### HOW TO COMPLETE THIS TASK
For the material below, state how many lines have the word "lemma" in them, with no other words.

### WORKING DATA

lemma card_filter_Suc_shift:
  "card {j \<in> {1..<Suc k}. P j} = (if 1 \<le> k \<and> P 1 then 1 else 0) + card {j \<in> {1..<k}. P (Suc j)}"
proof (induction k)
  case (Suc k)
  have split: "{j \<in> {1..<Suc (Suc k)}. P j} = {j \<in> {1..<Suc k}. P j} \<union> (if P (Suc k) then {Suc k} else {})"
    by (auto simp: less_Suc_eq)
  have last: "card {j \<in> {1..<Suc (Suc k)}. P j} = card {j \<in> {1..<Suc k}. P j} + (if P (Suc k) then 1 else 0)"
    unfolding split by (subst card_Un_disjoint) auto
  have split_shifted: "{j \<in> {1..<Suc k}. P (Suc j)} = {j \<in> {1..<k}. P (Suc j)} \<union> (if 1 \<le> k \<and> P (Suc k) then {k} else {})"
    by (auto simp: less_Suc_eq)
  have last_shifted: "card {j \<in> {1..<Suc k}. P (Suc j)}
      = card {j \<in> {1..<k}. P (Suc j)} + (if 1 \<le> k \<and> P (Suc k) then 1 else 0)"
    unfolding split_shifted by (subst card_Un_disjoint) auto
  show ?case unfolding last last_shifted Suc.IH by (cases k) auto
qed simp

lemma sigma_ties_tuple_cons:
  assumes l: "l \<in> Mset n k" and n: "1 \<le> n"
  shows "sigma_ties (Suc k) (tuple_cons n l) = sigma_ties k l + (if l 1 = n then 1 else 0)"
proof -
  have "sigma_ties (Suc k) (tuple_cons n l)
      = (if 1 \<le> k \<and> tuple_cons n l 1 = tuple_cons n l (1 + 1) then 1 else 0)
        + card {j \<in> {1..<k}. tuple_cons n l (Suc j) = tuple_cons n l (Suc j + 1)}"
    unfolding sigma_ties_def by (rule card_filter_Suc_shift)
  moreover have "(1 \<le> k \<and> tuple_cons n l 1 = tuple_cons n l (1 + 1)) \<longleftrightarrow> l 1 = n"
  proof (cases "k = 0")
    case True
    then have "l 1 = 0" using l by (simp add: Mset_0)
    then show ?thesis using True n by simp
  qed (auto simp: tuple_cons_def)
  moreover have "{j \<in> {1..<k}. tuple_cons n l (Suc j) = tuple_cons n l (Suc j + 1)}
      = {j \<in> {1..<k}. l j = l (j + 1)}"
    by (auto simp: tuple_cons_def)
  ultimately show ?thesis by (simp add: sigma_ties_def)
qed

lemma theta_top_0:
  assumes "1 \<le> n"
  shows "theta_top a n 0 t = 0"
proof -
  have "{l \<in> Mset n 0. l 1 = n} = {}" using assms by (simp add: Mset_0)
  then show ?thesis unfolding theta_top_def by (simp only: sum.empty)
qed

lemma theta_top_Suc:
  assumes n: "1 \<le> n"
  shows "theta_top a n (Suc k) t = a n * (theta a (n - 1) k t + t * theta_top a n k t)"
proof -
  let ?f = "\<lambda>k l. weight a k l * t ^ sigma_ties k l"
  have inj: "inj_on (tuple_cons n) (Mset n k)" by (metis inj_onI tuple_tail_cons)
  have "theta_top a n (Suc k) t = (\<Sum>l\<in>Mset n k. ?f (Suc k) (tuple_cons n l))"
    unfolding theta_top_def Mset_first_eq[OF n] by (rule sum.reindex[OF inj, unfolded comp_def])
  also have "\<dots> = (\<Sum>l\<in>Mset n k. a n * (if l 1 = n then t * ?f k l else ?f k l))"
  proof (rule sum.cong[OF refl])
    fix l assume l: "l \<in> Mset n k"
    show "?f (Suc k) (tuple_cons n l) = a n * (if l 1 = n then t * ?f k l else ?f k l)"
      unfolding weight_tuple_cons sigma_ties_tuple_cons[OF l n] by (simp add: power_add)
  qed
  also have "\<dots> = a n * ((\<Sum>l\<in>{l \<in> Mset n k. l 1 = n}. t * ?f k l) + (\<Sum>l\<in>{l \<in> Mset n k. l 1 \<noteq> n}. ?f k l))"
  proof -
    have "Mset n k \<inter> {l. l 1 = n} = {l \<in> Mset n k. l 1 = n}"
      and "Mset n k \<inter> - {l. l 1 = n} = {l \<in> Mset n k. l 1 \<noteq> n}" by blast+
    then show ?thesis
      unfolding sum_distrib_left[symmetric] sum.If_cases[OF finite_Mset] by simp
  qed
  also have "\<dots> = a n * (theta a (n - 1) k t + t * theta_top a n k t)"
    unfolding Mset_first_neq[OF n] by (simp add: theta_def theta_top_def sum_distrib_left)
  finally show ?thesis .
qed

### EXERCISE RESPONSE
4